Small sample, self-report, and single-session design limit generalization.
- 92 participants: Reasonable for a sleep-onset experiment but not large for population-level inference.
- Trained nappers: Participants were accustomed to napping and to mental-content reporting. People who do not nap regularly or who struggle to report mental content can show different patterns.
- Self-reported mental content: The four-state taxonomy depends on participants accurately describing their own thought content, which is itself a limited cognitive task.
- Sleep-onset window only: The vigilance fluctuations were captured in the transition from wakefulness to light sleep. Whether the four-state structure extends to deeper sleep stages or to fully alert daytime activity is not directly tested here.
- Single-night design: Whether individual participants show stable mental-content patterns across multiple sessions is not addressed.
Mental-Content-Based Sleep Assessment Can Better Match Patient Experience in Insomnia
The clinical implication is concrete and immediate:
- Paradoxical insomnia is the obvious application: Patients who report unrefreshing sleep or whole-night wakefulness despite polysomnography showing apparent sleep can spend unusually long stretches in the alert hyperconnected C2 state, or unusually short stretches in the C3 dream-like state.
- Standard sleep-stage scoring can be the wrong yardstick: Conventional sleep stages are defined by EEG patterns.
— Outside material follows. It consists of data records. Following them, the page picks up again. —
lemma exists_stem_cycle:
  assumes "u \<in> p n"
  shows "\<exists>c. stem_cycle u c"
proof -
  obtain w where w: "w \<in> links" "take n w = u"
    using exists_link_from[OF assms] by blast
  then have edge: "(u, drop 1 w) \<in> stem_graph"
    unfolding stem_graph_def by blast
  then have "(drop 1 w, u) \<in> stem_graph\<^sup>*"
    using r_into_rtrancl stem_graph_reach_back by metis
  then obtain a where "stem_windows (a @ u)" "take n (a @ u) = drop 1 w"
    using stem_windows_of_stem_graph_path assms by blast
  then obtain x where "stem_windows (x # a @ u)" "take n (x # a @ u) = u"
    using stem_windows_prepend_edge[OF edge] by blast
  then show ?thesis
    unfolding stem_cycle_def by (intro exI[of _ "x # a"]) simp
qed

lemma stem_cycle_power:
  assumes "stem_cycle u c" "0 < k"
  shows "stem_cycle u (concat (replicate k c))"
  using assms(2)
proof (induct k)
  case (Suc k)
  have "u \<in> p n"
    using assms(1) take_stem_windows[of "c @ u"] unfolding stem_cycle_def by simp
  then have u: "length u = n"
    using length_path_vertex[OF order_refl] by simp
  show ?case
  proof (cases "k = 0")
    case True
    then show ?thesis
      using assms(1) by simp
  next
    case False
    then have IH: "stem_cycle u (concat (replicate k c))"
      using Suc.hyps by simp
    define r where "r = drop n (concat (replicate k c) @ u)"
    have split: "concat (replicate k c) @ u = u @ r"
      using IH unfolding stem_cycle_def r_def by (metis append_take_drop_id)
    have "stem_windows (u @ r)"
      using IH split unfolding stem_cycle_def by simp
    then have "stem_windows (c @ u @ r)"
      using stem_windows_overlap[of c u r] assms(1) u unfolding stem_cycle_def by simp
    moreover have "take n (c @ u @ r) = u"
      using assms(1) u unfolding stem_cycle_def by (simp add: take_append)
    ultimately show ?thesis
      using assms(1) split unfolding stem_cycle_def by simp
  qed
qed simp

lemma take_stem_cycle: "stem_cycle u c \<Longrightarrow> n \<le> length c \<Longrightarrow> take n c = u"
  unfolding stem_cycle_def by simp

lemma jungle_simI:
  assumes "stem_windows (x @ u)" "take n x = v" "v \<in> p n" "rhoW delta rho x = id"
  shows "jungle_sim delta rho p n v u"
proof -
  have "length v = n"
    using assms(3) length_path_vertex[OF order_refl] by simp
  obtain s where x: "x = v @ s"
    using assms(2) by (metis append_take_drop_id)
  have "n \<le> length (x @ u)"
    using x \<open>length v = n\<close> by simp
  then have "jungle_word delta rho p n (v @ s @ u)"
    using assms(1) jungle_word_iff_stem_windows x by simp
  moreover have "\<forall>t. rhoW delta rho (v @ s) t = t"
    using assms(4) x by simp
  ultimately show ?thesis
    unfolding jungle_sim_def by blast
qed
Mental-content scoring captures something the standard categories miss and can align better with patient experience.
- Diagnostic potential: Identifying specific mental-content distributions in patients could provide objective markers of insomnia subtypes that current scoring does not detect.
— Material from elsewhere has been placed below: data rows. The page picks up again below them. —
(* Let $n\geq 3$ be an integer and let $\mathcal{E}_n$ be the Fomin–Kirillov algebra over an algebraically closed field $k$. Then $\mathcal{E}_n$ admits no truncated point modules of degree greater than $1$; that is, $\mathcal{P}_d(\mathcal{E}_n)=\emptyset$ for every $d\geq 2$.
   Context: The Fomin–Kirillov algebra $\mathcal{E}_n$ is the graded $k$-algebra generated by elements $x_{ij}$, $1\leq i<j\leq n$, all of degree $1$, subject to the relations: $x_{ij}^2=0$ for all $i<j$; $x_{ij}x_{kl}-x_{kl}x_{ij}=0$ for all $i<j$, $k<l$ with $\{i,j\}\cap\{k,l\}=\emptyset$; $x_{ij}x_{jk}-x_{jk}x_{ik}-x_{ik}x_{ij}=0$ and $x_{jk}x_{ij}-x_{ik}x_{jk}-x_{ij}x_{ik}=0$ for all $i<j<k$. For a connected graded $k$-algebra $A=k\oplus A_1\oplus A_2\oplus\cdots$ generated in degree $1$, a degree-$d$ (or $d$-truncated) point module is a graded cyclic left $A$-module $M=M_0\oplus\cdots\oplus M_d$ generated in degree $0$ with Hilbert series $1+t+\cdots+t^d$ (each $M_i$ one-dimensional). $\mathcal{P}_d(A)$ denotes the space of $d$-truncated point modules of $A$. *)

theory Defs
  imports "HOL-Computational_Algebra.Polynomial"
begin

definition alg_closed :: "'k::field itself \<Rightarrow> bool" where
  "alg_closed _ \<longleftrightarrow> (\<forall>p :: 'k poly. 0 < degree p \<longrightarrow> (\<exists>x. poly p x = 0))"

definition FK_gen :: "nat \<Rightarrow> nat \<times> nat \<Rightarrow> bool" where
  "FK_gen n g \<longleftrightarrow> 1 \<le> fst g \<and> fst g < snd g \<and> snd g \<le> n"

(* A graded vector space M = M_0 + ... + M_d with each M_m one-dimensional is,
   after choosing basis vectors e_m of M_m, the space of coefficient functions
   v :: nat => 'k supported in {0..d}.  A graded (degree-preserving) left action
   of a degree-1 generator g sends M_m to M_(m+1) (and M_d to 0); a linear map between
   one-dimensional spaces is a scalar, so the action of g is  e_m |-> a g m * e_(m+1). *)
definition supp_le :: "nat \<Rightarrow> (nat \<Rightarrow> 'k::zero) \<Rightarrow> bool" where
  "supp_le d v \<longleftrightarrow> (\<forall>m>d. v m = 0)"

definition act :: "(nat \<times> nat \<Rightarrow> nat \<Rightarrow> 'k::field) \<Rightarrow> nat \<Rightarrow> nat \<times> nat
                    \<Rightarrow> (nat \<Rightarrow> 'k) \<Rightarrow> (nat \<Rightarrow> 'k)" where
  "act a d g v = (\<lambda>m. if 1 \<le> m \<and> m \<le> d then a g (m - 1) * v (m - 1) else 0)"

definition FK_relations :: "nat \<Rightarrow> nat \<Rightarrow> (nat \<times> nat \<Rightarrow> nat \<Rightarrow> 'k::field) \<Rightarrow> bool" where
  "FK_relations n d a \<longleftrightarrow>
     (\<forall>v. supp_le d v \<longrightarrow>
       (\<forall>i j. 1 \<le> i \<and> i < j \<and> j \<le> n \<longrightarrow>
           (\<forall>m. act a d (i,j) (act a d (i,j) v) m = 0)) \<and>
       (\<forall>i j k l. 1 \<le> i \<and> i < j \<and> j \<le> n \<and> 1 \<le> k \<and> k < l \<and> l \<le> n
           \<and> {i,j} \<inter> {k,l} = {} \<longrightarrow>
           (\<forall>m. act a d (i,j) (act a d (k,l) v) m - act a d (k,l) (act a d (i,j) v) m = 0)) \<and>
       (\<forall>i j k. 1 \<le> i \<and> i < j \<and> j < k \<and> k \<le> n \<longrightarrow>
           (\<forall>m. act a d (i,j) (act a d (j,k) v) m - act a d (j,k) (act a d (i,k) v) m
             - act a d (i,k) (act a d (i,j) v) m = 0) \<and>
           (\<forall>m. act a d (j,k) (act a d (i,j) v) m - act a d (i,k) (act a d (j,k) v) m
             - act a d (i,j) (act a d (i,k) v) m = 0)))"

inductive_set gen_by_deg0 :: "nat \<Rightarrow> nat \<Rightarrow> (nat \<times> nat \<Rightarrow> nat \<Rightarrow> 'k::field) \<Rightarrow> (nat \<Rightarrow> 'k) set"
  for n d a where
  base: "(\<lambda>m. if m = 0 then c else 0) \<in> gen_by_deg0 n d a"
| add: "v \<in> gen_by_deg0 n d a \<Longrightarrow> w \<in> gen_by_deg0 n d a \<Longrightarrow> (\<lambda>m. v m + w m) \<in> gen_by_deg0 n d a"
| step: "FK_gen n g \<Longrightarrow> v \<in> gen_by_deg0 n d a \<Longrightarrow> act a d g v \<in> gen_by_deg0 n d a"

(* d-truncated point module of E_n (with the chosen bases):
   a graded left E_n-module with Hilbert series 1 + t + ... + t^d, generated in degree 0. *)
definition FK_point_module :: "nat \<Rightarrow> nat \<Rightarrow> (nat \<times> nat \<Rightarrow> nat \<Rightarrow> 'k::field) \<Rightarrow> bool" where
  "FK_point_module n d a \<longleftrightarrow> FK_relations n d a \<and>
     (\<forall>v. supp_le d v \<longrightarrow> v \<in> gen_by_deg0 n d a)"

definition point_modules :: "'k::field itself \<Rightarrow> nat \<Rightarrow> nat \<Rightarrow> (nat \<times> nat \<Rightarrow> nat \<Rightarrow> 'k) set" where
  "point_modules _ n d = {a. FK_point_module n d a}"

end

theory Submission
  imports Defs
begin

(* Let e_0, e_1, e_2 be the chosen basis vectors of M_0, M_1, M_2 and write p g and q g for the
   scalars by which a generator x_g acts M_0 -> M_1 and M_1 -> M_2. Generation in degree 0
   forces both p and q to be nonzero. Applying the quadratic relations of E_n to e_0 yields
   bilinear equations in (p, q), and these force q h = 0 as soon as p g is nonzero for some g:
   for h = g by x_g^2 = 0, for disjoint g, h by commutativity, and for g, h sharing an index by
   the three-term relations on the triangle spanned by g and h. *)

lemma gen_by_deg0_vanishes:
  assumes "\<forall>g. FK_gen n g \<longrightarrow> a g m = 0"
    and "v \<in> gen_by_deg0 n d a"
  shows "v (Suc m) = 0"
  using assms(2)
proof (induction v rule: gen_by_deg0.induct)
  case (step g v)
  then have "a g m = 0" using assms(1) by blast
  then show ?case by (simp add: act_def)
qed simp_all

lemma FK_point_module_act_nonzero:
  assumes "FK_point_module n d a" and "m < d"
  obtains g where "FK_gen n g" and "a g m \<noteq> 0"
proof -
  define v :: "nat \<Rightarrow> 'a" where "v k = (if k = Suc m then 1 else 0)" for k
  have "supp_le d v" using assms(2) by (simp add: supp_le_def v_def)
  then have "v \<in> gen_by_deg0 n d a" using assms(1) by (simp add: FK_point_module_def)
  moreover have "v (Suc m) \<noteq> 0" by (simp add: v_def)
  ultimately show thesis using gen_by_deg0_vanishes that by blast
qed

(* The equations obtained by applying the relations of E_n to e_0 and reading off the
   coefficient of e_2: a relation  \<Sum> c x_g x_h  becomes  \<Sum> c q g p h = 0. *)
definition FK_degree2_relations :: "nat \<Rightarrow> (nat \<times> nat \<Rightarrow> 'k::field) \<Rightarrow> (nat \<times> nat \<Rightarrow> 'k) \<Rightarrow> bool"
  where "FK_degree2_relations n p q \<longleftrightarrow>
    (\<forall>i j. 1 \<le> i \<and> i < j \<and> j \<le> n \<longrightarrow> q (i,j) * p (i,j) = 0) \<and>
    (\<forall>i j k l. 1 \<le> i \<and> i < j \<and> j \<le> n \<and> 1 \<le> k \<and> k < l \<and> l \<le> n
        \<and> {i,j} \<inter> {k,l} = {} \<longrightarrow> q (i,j) * p (k,l) = q (k,l) * p (i,j)) \<and>
    (\<forall>i j k. 1 \<le> i \<and> i < j \<and> j < k \<and> k \<le> n \<longrightarrow>
        q (i,j) * p (j,k) = q (j,k) * p (i,k) + q (i,k) * p (i,j) \<and>
        q (j,k) * p (i,j) = q (i,k) * p (j,k) + q (i,j) * p (i,k))"

lemma
  assumes "FK_degree2_relations n p q"
  shows FK_degree2_square: "\<lbrakk>1 \<le> i; i < j; j \<le> n\<rbrakk> \<Longrightarrow> q (i,j) * p (i,j) = 0"
    and FK_degree2_commute: "\<lbrakk>1 \<le> i; i < j; j \<le> n; 1 \<le> k; k < l; l \<le> n; {i,j} \<inter> {k,l} = {}\<rbrakk>
      \<Longrightarrow> q (i,j) * p (k,l) = q (k,l) * p (i,j)"
    and FK_degree2_three_term: "\<lbrakk>1 \<le> i; i < j; j < k; k \<le> n\<rbrakk> \<Longrightarrow>
      q (i,j) * p (j,k) = q (j,k) * p (i,k) + q (i,k) * p (i,j)"
    and FK_degree2_three_term': "\<lbrakk>1 \<le> i; i < j; j < k; k \<le> n\<rbrakk> \<Longrightarrow>
      q (j,k) * p (i,j) = q (i,k) * p (j,k) + q (i,j) * p (i,k)"
  using assms unfolding FK_degree2_relations_def by blast+

lemma act_act_deg0_unit_coeff2:
  assumes "2 \<le> d"
  shows "act a d g (act a d h (\<lambda>m. if m = 0 then 1 else 0)) 2 = a g 1 * a h 0"
  using assms by (simp add: act_def)

lemma FK_relations_degree2:
  assumes "FK_relations n d a" and "2 \<le> d"
  shows "FK_degree2_relations n (\<lambda>g. a g 0) (\<lambda>g. a g 1)"
proof -
  let ?e0 = "\<lambda>m. if m = 0 then 1 else 0"
  have "supp_le d ?e0" by (simp add: supp_le_def)
  note rel = assms(1)[unfolded FK_relations_def, rule_format, OF this]
  note at_2 = act_act_deg0_unit_coeff2[OF assms(2)]
  show ?thesis
    unfolding FK_degree2_relations_def
  proof (intro conjI allI impI)
    fix i j assume "1 \<le> i \<and> i < j \<and> j \<le> n"
    then show "a (i,j) 1 * a (i,j) 0 = 0"
      using conjunct1[OF rel, rule_format, of i j 2] by (simp add: at_2)
  next
    fix i j k l
    assume "1 \<le> i \<and> i < j \<and> j \<le> n \<and> 1 \<le> k \<and> k < l \<and> l \<le> n \<and> {i,j} \<inter> {k,l} = {}"
    then show "a (i,j) 1 * a (k,l) 0 = a (k,l) 1 * a (i,j) 0"
      using conjunct1[OF conjunct2[OF rel], rule_format, of i j k l 2] by (simp add: at_2)
  next
    fix i j k assume ijk: "1 \<le> i \<and> i < j \<and> j < k \<and> k \<le> n"
    note three_term = conjunct2[OF conjunct2[OF rel], rule_format, OF ijk]
    show "a (i,j) 1 * a (j,k) 0 = a (j,k) 1 * a (i,k) 0 + a (i,k) 1 * a (i,j) 0"
      using conjunct1[OF three_term, rule_format, of 2] by (simp add: at_2 algebra_simps)
    show "a (j,k) 1 * a (i,j) 0 = a (i,k) 1 * a (j,k) 0 + a (i,j) 1 * a (i,k) 0"
      using conjunct2[OF three_term, rule_format, of 2] by (simp add: at_2 algebra_simps)
  qed
qed

lemma triangle_relations_vanish_if_p_ij_or_p_ik:
  fixes pij pik pjk qij qik qjk :: "'k::field"
  assumes "qij * pij = 0" "qik * pik = 0" "qjk * pjk = 0"
    and "qij * pjk = qjk * pik + qik * pij" "qjk * pij = qik * pjk + qij * pik"
    and "pij \<noteq> 0 \<or> pik \<noteq> 0"
  shows "qij = 0 \<and> qik = 0 \<and> qjk = 0"
proof (cases "pij \<noteq> 0")
  case True
  then have "qij = 0" using assms(1) by simp
  have "qik * (pik * pjk + pij * pij) = 0"
    using assms(4,5) \<open>qij = 0\<close> by algebra
  moreover have "pik * pjk + pij * pij \<noteq> 0" if "qik \<noteq> 0"
    using assms(2) that True by simp
  ultimately have "qik = 0" by auto
  then have "qjk * pij = 0" using assms(5) \<open>qij = 0\<close> by simp
  then show ?thesis using \<open>qij = 0\<close> \<open>qik = 0\<close> True by simp
next
  case False
  then have "pik \<noteq> 0" using assms(6) by simp
  then have "qik = 0" using assms(2) by simp
  have "qij * pik = 0" if "qij \<noteq> 0"
    using assms(1,5) \<open>qik = 0\<close> that by simp
  then have "qij = 0" using \<open>pik \<noteq> 0\<close> by auto
  then have "qjk * pik = 0" using assms(4) \<open>qik = 0\<close> by simp
  then show ?thesis using \<open>qij = 0\<close> \<open>qik = 0\<close> \<open>pik \<noteq> 0\<close> by simp
qed

lemma triangle_relations_vanish:
  fixes pij pik pjk qij qik qjk :: "'k::field"
  assumes "qij * pij = 0" "qik * pik = 0" "qjk * pjk = 0"
    and "qij * pjk = qjk * pik + qik * pij" "qjk * pij = qik * pjk + qij * pik"
    and "pij \<noteq> 0 \<or> pik \<noteq> 0 \<or> pjk \<noteq> 0"
  shows "qij = 0 \<and> qik = 0 \<and> qjk = 0"
proof (cases "pij \<noteq> 0 \<or> pik \<noteq> 0")
  case True
  then show ?thesis using triangle_relations_vanish_if_p_ij_or_p_ik assms(1-5) by blast
next
  case False
  (* the relations are symmetric under exchanging (pij, qij) with (pjk, qjk) *)
  then show ?thesis
    using triangle_relations_vanish_if_p_ij_or_p_ik[of qjk pjk qik pik qij pij] assms by auto
qed

lemma FK_degree2_relations_triangle:
  assumes "FK_degree2_relations n p q" and "1 \<le> i" "i < j" "j < k" "k \<le> n"
    and "g \<in> {(i,j), (i,k), (j,k)}" "p g \<noteq> 0" "h \<in> {(i,j), (i,k), (j,k)}"
  shows "q h = 0"
proof -
  have "q (i,j) = 0 \<and> q (i,k) = 0 \<and> q (j,k) = 0"
  proof (rule triangle_relations_vanish)
    show "q (i,j) * p (i,j) = 0" "q (i,k) * p (i,k) = 0" "q (j,k) * p (j,k) = 0"
      using FK_degree2_square[OF assms(1)] assms(2-5) by simp_all
    show "q (i,j) * p (j,k) = q (j,k) * p (i,k) + q (i,k) * p (i,j)"
      by (rule FK_degree2_three_term[OF assms(1-5)])
    show "q (j,k) * p (i,j) = q (i,k) * p (j,k) + q (i,j) * p (i,k)"
      by (rule FK_degree2_three_term'[OF assms(1-5)])
    show "p (i,j) \<noteq> 0 \<or> p (i,k) \<noteq> 0 \<or> p (j,k) \<noteq> 0"
      using assms(6,7) by auto
  qed
  then show ?thesis using assms(8) by auto
qed

lemma pairs_sharing_index_span_triangle:
  fixes i j k l :: nat
  assumes "i < j" "k < l" "(i,j) \<noteq> (k,l)" "{i,j} \<inter> {k,l} \<noteq> {}"
  obtains x y z where "x < y" "y < z" "{x,y,z} = {i,j,k,l}"
    "(i,j) \<in> {(x,y), (x,z), (y,z)}" "(k,l) \<in> {(x,y), (x,z), (y,z)}"
proof -
  consider "i = k" "j < l" | "i = k" "l < j" | "j = l" "i < k" | "j = l" "k < i" | "i = l" | "j = k"
    using assms(3,4) by (auto simp: linorder_neq_iff)
  then show thesis
  proof cases
    case 1 then show ?thesis using assms by (intro that[of i j l]) auto
  next
    case 2 then show ?thesis using assms by (intro that[of i l j]) auto
  next
    case 3 then show ?thesis using assms by (intro that[of i k j]) auto
  next
    case 4 then show ?thesis using assms by (intro that[of k i j]) auto
  next
    case 5 then show ?thesis using assms by (intro that[of k i j]) auto
  next
    case 6 then show ?thesis using assms by (intro that[of i j l]) auto
  qed
qed

lemma FK_degree2_relations_vanish:
  assumes rel: "FK_degree2_relations n p q"
    and "FK_gen n g" "p g \<noteq> 0" and "FK_gen n h"
  shows "q h = 0"
proof -
  obtain i j k l where g: "g = (i,j)" and h: "h = (k,l)" by fastforce
  have ij: "1 \<le> i" "i < j" "j \<le> n" and kl: "1 \<le> k" "k < l" "l \<le> n"
    using assms(2,4) g h by (auto simp: FK_gen_def)
  have "q g = 0" using FK_degree2_square[OF rel ij] assms(3) g by simp
  consider "g = h" | "{i,j} \<inter> {k,l} = {}" | "g \<noteq> h" "{i,j} \<inter> {k,l} \<noteq> {}" by blast
  then show ?thesis
  proof cases
    case 1
    then show ?thesis using \<open>q g = 0\<close> by simp
  next
    case 2
    then have "q h * p g = q g * p h"
      using FK_degree2_commute[OF rel kl ij] g h 2 by blast
    then show ?thesis using \<open>q g = 0\<close> assms(3) by simp
  next
    case 3
    then obtain x y z where "x < y" "y < z" "{x,y,z} = {i,j,k,l}"
      and "g \<in> {(x,y), (x,z), (y,z)}" "h \<in> {(x,y), (x,z), (y,z)}"
      using pairs_sharing_index_span_triangle ij(2) kl(2) g h by metis
    moreover have "x \<in> {i,j,k,l}" "z \<in> {i,j,k,l}"
      using \<open>{x,y,z} = {i,j,k,l}\<close> by blast+
    then have "1 \<le> x" "z \<le> n" using ij kl by auto
    ultimately show ?thesis
      using FK_degree2_relations_triangle[OF rel] assms(3) by blast
  qed
qed

theorem theorem1p1:
  fixes n d :: nat
  assumes "alg_closed TYPE('k::field)"
    and "n \<ge> 3"
    and "d \<ge> 2"
  shows "point_modules TYPE('k) n d = {}"
proof -
  have "\<not> FK_point_module n d a" for a :: "nat \<times> nat \<Rightarrow> nat \<Rightarrow> 'k"
  proof
    assume pm: "FK_point_module n d a"
    obtain g where g: "FK_gen n g" "a g 0 \<noteq> 0"
      using FK_point_module_act_nonzero[OF pm, where m = 0] assms(3) by auto
    obtain h where h: "FK_gen n h" "a h 1 \<noteq> 0"
      using FK_point_module_act_nonzero[OF pm, where m = 1] assms(3) by auto
    have "FK_degree2_relations n (\<lambda>g. a g 0) (\<lambda>g. a g 1)"
      using pm assms(3) FK_relations_degree2 unfolding FK_point_module_def by blast
    with g h show False using FK_degree2_relations_vanish by metis
  qed
  then show ?thesis by (simp add: point_modules_def)
qed

end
- Reframing the wake/sleep boundary: Researchers need to treat mental content as a separate axis from vigilance, rather than assuming the two co-vary.
Oudiette framed the clinical possibility:
“Beyond giving patients’ reports the weight they deserve, this approach paves the way to identifying objective markers of insomnia.”
Citation: DOI: 10.1016/j.celrep.2026.117237. Decat N, Oudiette D et al. Dream-like mental states can occur during wakefulness. Cell Reports. 2026.
Study Design: Sleep-onset experimental paradigm with Edison-inspired drop-the-bottle interruption; continuous EEG; data-driven clustering of self-reported mental content.
Sample Size: 92 adult participants trained to nap and to report mental content on demand.
Key Statistic: Four distinct mental-content classes emerged from clustering: fleeting recollections, environment-connected, bizarre dream-like, and high-control task-related. All four appeared across wakefulness, sleep onset, and light sleep. The bizarre dream-like state had a specific reduced frontal-occipital connectivity signature.
Caveat: Modest sample size; trained-napper participants; self-reported mental content; sleep-onset window only; single-session design limits inference about across-night stability or deeper sleep stages.